Action [12]: Bonus challenge (optional/not-graded): combine the lines of code above together into a function that takes the list of contig lengths as an input argument (something you would typically have after completing a genome assembly) and returns the N50 statistic. Test your function to see if it works.
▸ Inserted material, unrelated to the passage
(* Let $(N,m)$ be a marked P/T net and $\mathcal U[N,m]=(O,m')$ its unfolding. Under the identification of a token of colour $(h,i)$ in place $a$ of $[\![N]\!]$ with the place $a(h,i)$ of $O$, and of a firing of transition $\mathsf t$ of $[\![N]\!]$ under substitution $\sigma$ with the unfolding transition $\mathsf t(H)$ where $H$ is the set of consumed tokens ${}^\bullet\mathsf t_{[\![N]\!]}\sigma$: for every firing sequence $s$ and marking $m''$, $[\![(N,m)]\!]\xrightarrow{s}([\![N]\!],m'')$ if and only if $(O,m')\xrightarrow{s}(O,m'')$.
   Context: A P/T net $N=(S_N,T_N,{}^\bullet\_,\_^\bullet)$ has disjoint sets of places and transitions and nonempty preset/postset multisets ${}^\bullet\mathsf t,\mathsf t^\bullet$ over $S_N$; markings are multisets of places and firing is: if ${}^\bullet\mathsf t=m_1$, $\mathsf t^\bullet=m_2$ then $(N,m_1\oplus m_3)\xrightarrow{\mathsf t}(N,m_2\oplus m_3)$. Unfolding: with $\preceq$ the reflexive-transitive closure of $\{(a,\mathsf t)\mid a\in{}^\bullet\mathsf t\}\cup\{(\mathsf t,a)\mid a\in\mathsf t^\bullet\}$, $x\#y$ iff there are transitions $\mathsf t_1\preceq x$, $\mathsf t_2\preceq y$, $\mathsf t_1\ne\mathsf t_2$, ${}^\bullet\mathsf t_1\cap{}^\bullet\mathsf t_2\ne\emptyset$, $x\ co\ y$ iff $x\ne y$, $x\not\preceq y$, $y\not\preceq x$, not $x\#y$, and $CO(X)$ iff elements of $X$ are pairwise $co$ and finitely many transitions lie below $X$, the unfolding $\mathcal U[N,m]$ is the least net with: places $a(\emptyset,i)$ for $1\le i\le m(a)$; a transition $\mathsf t(H)$ with preset $H$ whenever $H=\{a_j(h_j,i_j)\mid j\in J\}$ is a set of its places with $CO(H)$ and ${}^\bullet\mathsf t=\bigoplus_j a_j$; and for each $x=\mathsf t(H)$ the places $a(\{x\},i)$, $1\le i\le\mathsf t^\bullet(a)$, forming its postset. Its initial marking $m'$ is $\{a(\emptyset,i)\mid 1\le i\le m(a)\}$. Coloured nets: fix infinite sets $\mathcal X$ of variables and $\mathcal C\supseteq\mathcal X$ of colours, where $\mathcal C$ is the least set containing $\mathcal X$ with $(h,n)\in\mathcal C$ for $h\in 2^{\mathcal C}$, $n\in\mathbb N$, and $x(h)\in\mathcal C$ for $x$ a place or transition name and $h\in 2^{\mathcal C}$. A C-P/T net has places, transitions, and pre/postsets that are multisets over $S\times\mathcal C$ (written $a(c)$), with variables of the postset contained in those of the preset; markings are variable-free multisets over $S\times\mathcal C$. Coloured firing: for $\mathsf t=m_1[\rangle m_2$ and a substitution $\sigma:\mathcal X\rightharpoonup\mathcal C$, $(N,m_1\sigma\oplus m_3)\xrightarrow{\mathsf t}(N,m_2\sigma\oplus m_3)$. The encoding $[\![N]\!]$ of a P/T net has the same places and transitions, with ${}^\bullet\mathsf t_{[\![N]\!]}=a_1(x_1)\oplus\dots\oplus a_n(x_n)$ for ${}^\bullet\mathsf t_N=a_1\oplus\dots\oplus a_n$ and pairwise distinct variables $x_i$, and $\mathsf t^\bullet_{[\![N]\!]}=\{a(\{\mathsf t(h)\},i)\mid a\in\mathrm{supp}(\mathsf t^\bullet_N),\ 1\le i\le\mathsf t^\bullet_N(a),\ h={}^\bullet\mathsf t_{[\![N]\!]}\}$ (token in place $a$ with colour $(\{\mathsf t(h)\},i)$). A marked net is encoded as $[\![(N,m)]\!]=([\![N]\!],[\![m]\!])$ with $[\![m]\!]=\{a(\emptyset,i)\mid a\in\mathrm{supp}(m),\ 1\le i\le m(a)\}$ (tokens of colour $(\emptyset,i)$ in place $a$). *)

theory Defs
  imports Main "HOL-Library.Multiset" "HOL-Library.FSet"
begin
If you get stuck on this do not worry.
In [ ]:
 
In [66]:
def calculate_N50_from_contig_sizes(contig_sizes):

    # 2. comment: sort integer array by size
    contig_sizes.sort()
    contig_sizes

    # 3. comment: reverse the order of the array
    contig_sizes = contig_sizes[::-1]
    contig_sizes

    # 4. comment: get the total sum (e.g., assembly size)
    total_len = contig_sizes.sum()
    total_len

    # 5. comment: get half of the total size
    half_total_len = total_len / 2
    half_total_len

    # 6. comment: make an array of zeros
    contig_sum_lens = np.zeros(contig_sizes.size, dtype=int)
    contig_sum_lens

    # 7. comment: interate over the items in the empty array and
    #             fill each index with the sum of all up to that point. 
    for i in range(contig_sizes.size):
        contig_sum_lens[i] = contig_sizes[i:].sum()
    contig_sum_lens

    # 8. comment: calculate which values are > half the total length
    which_contigs_longer_than_half = contig_sum_lens > half_total_len
    which_contigs_longer_than_half

    # 9. comment: keep the values that answered True above
    contigs_longer_than_half = contig_sizes[which_contigs_longer_than_half]
    contigs_longer_than_half

    # 10. comment: keep the lowest value from above, which is the N50
    n50 = contigs_longer_than_half.min()
    
    return n50
In [68]:
# run this first so that we all start from the same random seed
import numpy as np
np.random.seed(12345)
contig_sizes = np.random.randint(1000, 50000, size=50)

# run the new function
calculate_N50_from_contig_sizes(contig_sizes)
Out[68]:
37907
Action: Save and Download this notebook as HTML to upload to courseworks.